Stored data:
Content starts

(* Let $n>0$ and $i_1,\dots,i_5\in\{0,1\}$, and suppose $\alpha=i_1^{(n)}i_2^{(n)}i_3^{(n)}i_4^{(n)}i_5^{(n)}\in\mathcal{L}^*(E_{\mathbb{Z}})$. Then $\alpha$ can be written in one and only one of the forms $$i_1^{(n+1)}i_3^{(n+1)}i_5^{(n)}\qquad\text{or}\qquad i_1^{(n)}i_2^{(n+1)}i_4^{(n+1)}.$$
   Context: The two-sided Thue--Morse sequence $\omega=(\omega_k)_{k\in\mathbb{Z}}$ over $\{0,1\}$ is defined by $\omega_0=0$, $\omega_{2^n+j}=1-\omega_j$ for $n\ge0$, $0\le j<2^n$, and $\omega_{-i}=\omega_{i-1}$ for $i\ge1$. $\mathcal{L}^*(E_{\mathbb{Z}})$ denotes the set of finite nonempty words occurring in $\omega$. Blocks $i^{(n)}$: $0^{(0)}=0$, $1^{(0)}=1$, and inductively $0^{(n)}=0^{(n-1)}1^{(n-1)}$, $1^{(n)}=1^{(n-1)}0^{(n-1)}$ (concatenation); $|i^{(n)}|=2^n$. *)

theory Defs
  imports Main
begin

definition top_exp :: "nat \<Rightarrow> nat" where
  "top_exp k = (GREATEST n. 2 ^ n \<le> k)"

lemma top_exp_props:
  assumes "k > 0"
  shows "2 ^ top_exp k \<le> k"
proof -
  have b: "\<forall>n. 2 ^ n \<le> k \<longrightarrow> n \<le> k"
    by (metis dual_order.trans less_exp less_imp_le)
  have "2 ^ (0::nat) \<le> k" using assms by simp
  then show ?thesis unfolding top_exp_def
    using GreatestI_nat[of "\<lambda>n. 2 ^ n \<le> k" 0 k] b by blast
qed

text \<open>One-sided Thue--Morse: w_0 = 0, w_(2^n + j) = 1 - w_j for 0 \<le> j < 2^n.\<close>
function tm_nat :: "nat \<Rightarrow> nat" where
  "tm_nat k = (if k = 0 then 0 else 1 - tm_nat (k - 2 ^ top_exp k))"
  by auto
termination
  by (relation "measure id") auto

definition tm :: "int \<Rightarrow> nat" where
  "tm k = (if k \<ge> 0 then tm_nat (nat k) else tm_nat (nat (- k - 1)))"

definition tm_language :: "nat list set" where
  "tm_language = {w. w \<noteq> [] \<and> (\<exists>k::int. \<forall>i < length w. w ! i = tm (k + int i))}"

fun blk :: "nat \<Rightarrow> nat \<Rightarrow> nat list" where
  "blk 0 i = [i]"
| "blk (Suc n) i = blk n i @ blk n (1 - i)"

end

theory Submission
  imports Defs
begin

text \<open>Call a sequence \<open>x :: int \<Rightarrow> nat\<close> paired if it is binary and \<open>x (2j+1) = 1 - x (2j)\<close>
for all \<open>j\<close>. The two-sided Thue--Morse sequence is paired, and so are all its decimations
\<open>j \<mapsto> x (2\<^sup>d j)\<close>. A paired sequence with paired decimation has no alternating factor
\<open>ababa\<close>, since such a factor would produce three equal consecutive letters in the decimation.
Consequently the image \<open>\<mu>(w)\<close> of a word of length at least 3 under the Thue--Morse morphism
\<open>\<mu>: b \<mapsto> b(1-b)\<close> occurs only at even positions, and then \<open>w\<close> occurs in the decimation.
As \<open>\<alpha> = \<mu>\<^sup>n(i\<^sub>1 i\<^sub>2 i\<^sub>3 i\<^sub>4 i\<^sub>5)\<close>, desubstituting \<open>n\<close> times shows that
\<open>i\<^sub>1\<dots>i\<^sub>5\<close> occurs in such a sequence. Starting at an even position forces
\<open>i\<^sub>2 = 1-i\<^sub>1, i\<^sub>4 = 1-i\<^sub>3\<close>, at an odd one \<open>i\<^sub>3 = 1-i\<^sub>2, i\<^sub>5 = 1-i\<^sub>4\<close>, and both
together would make \<open>i\<^sub>1\<dots>i\<^sub>5\<close> alternate. These two conditions are exactly the two
factorisations of \<open>\<alpha>\<close>.\<close>

definition paired :: "(int \<Rightarrow> nat) \<Rightarrow> bool" where
  "paired x \<longleftrightarrow> (\<forall>j. x j \<le> 1 \<and> x (2*j+1) = 1 - x (2*j))"

coinductive hereditarily_paired :: "(int \<Rightarrow> nat) \<Rightarrow> bool" where
  "paired x \<Longrightarrow> hereditarily_paired (\<lambda>j. x (2*j)) \<Longrightarrow> hereditarily_paired x"

lemma pairedD:
  assumes "paired x"
  shows "x j \<le> 1" "x (2*j+1) = 1 - x (2*j)"
  using assms unfolding paired_def by blast+

lemma hereditarily_pairedD:
  assumes "hereditarily_paired x"
  shows "paired x" "paired (\<lambda>j. x (2*j))" "hereditarily_paired (\<lambda>j. x (2*j))"
  using assms by (auto elim: hereditarily_paired.cases)

lemma paired_no_triple:
  assumes "paired y" "y j = y (j+1)" "y (j+1) = y (j+2)"
  shows False
proof (cases "even j")
  case True
  then obtain i where "j = 2*i" by (rule evenE)
  then have "y (j+1) = 1 - y j" using pairedD(2)[OF assms(1), of i] by simp
  then show False using assms(2) by arith
next
  case False
  then obtain i where "j = 2*i+1" by (rule oddE)
  then have "y (j+2) = 1 - y (j+1)" using pairedD(2)[OF assms(1), of "i+1"] by (simp add: algebra_simps)
  then show False using assms(3) by arith
qed

lemma no_alternating_factor:
  assumes "hereditarily_paired x"
    and "x (m+1) = 1 - x m" "x (m+2) = 1 - x (m+1)"
    and "x (m+3) = 1 - x (m+2)" "x (m+4) = 1 - x (m+3)"
  shows False
proof -
  have x: "paired x" and y: "paired (\<lambda>j. x (2*j))" using hereditarily_pairedD[OF assms(1)] by auto
  note bin = pairedD(1)[OF x]
  have period: "x (m+2) = x m" "x (m+3) = x (m+1)" "x (m+4) = x m"
    using assms(2-5) bin[of m] bin[of "m+1"] by arith+
  show False
  proof (cases "even m")
    case True
    then obtain q where "m = 2*q" by (rule evenE)
    then show False
      using paired_no_triple[OF y, of q] period by (simp add: algebra_simps)
  next
    case False
    then obtain q where q: "m = 2*q+1" by (rule oddE)
    \<comment> \<open>the pair \<open>(2q, 2q+1)\<close> ending at \<open>m\<close> supplies a third copy of \<open>x (m+1)\<close>\<close>
    have "x m = 1 - x (2*q)" using pairedD(2)[OF x, of q] q by simp
    then have "x (2*q) = x (m+1)" using bin[of "2*q"] assms(2) by arith
    then show False
      using paired_no_triple[OF y, of q] period q by (simp add: algebra_simps)
  qed
qed

fun occurs_at :: "nat list \<Rightarrow> (int \<Rightarrow> nat) \<Rightarrow> int \<Rightarrow> bool" where
  "occurs_at [] x k \<longleftrightarrow> True"
| "occurs_at (b # w) x k \<longleftrightarrow> x k = b \<and> occurs_at w x (k+1)"

lemma occurs_at_iff_nth: "occurs_at w x k \<longleftrightarrow> (\<forall>i < length w. w ! i = x (k + int i))"
proof (induction w arbitrary: k)
  case (Cons b w)
  show ?case
    unfolding occurs_at.simps Cons.IH
    by (auto simp: nth_Cons algebra_simps split: nat.splits)
qed simp

fun tm_morph :: "nat list \<Rightarrow> nat list" where
  "tm_morph [] = []"
| "tm_morph (b # w) = b # (1 - b) # tm_morph w"

lemma length_tm_morph: "length (tm_morph w) = 2 * length w"
  by (induction w) auto

lemma tm_morph_append: "tm_morph (v @ w) = tm_morph v @ tm_morph w"
  by (induction v) auto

Content ends

Your output should be an exact copy of the lines from the one containing "by (induction w) auto" through the last line of the data above.

- TASK RESPONSE:
  by (induction w) auto

lemma tm_morph_append: "tm_morph (v @ w) = tm_morph v @ tm_morph w"
  by (induction v) auto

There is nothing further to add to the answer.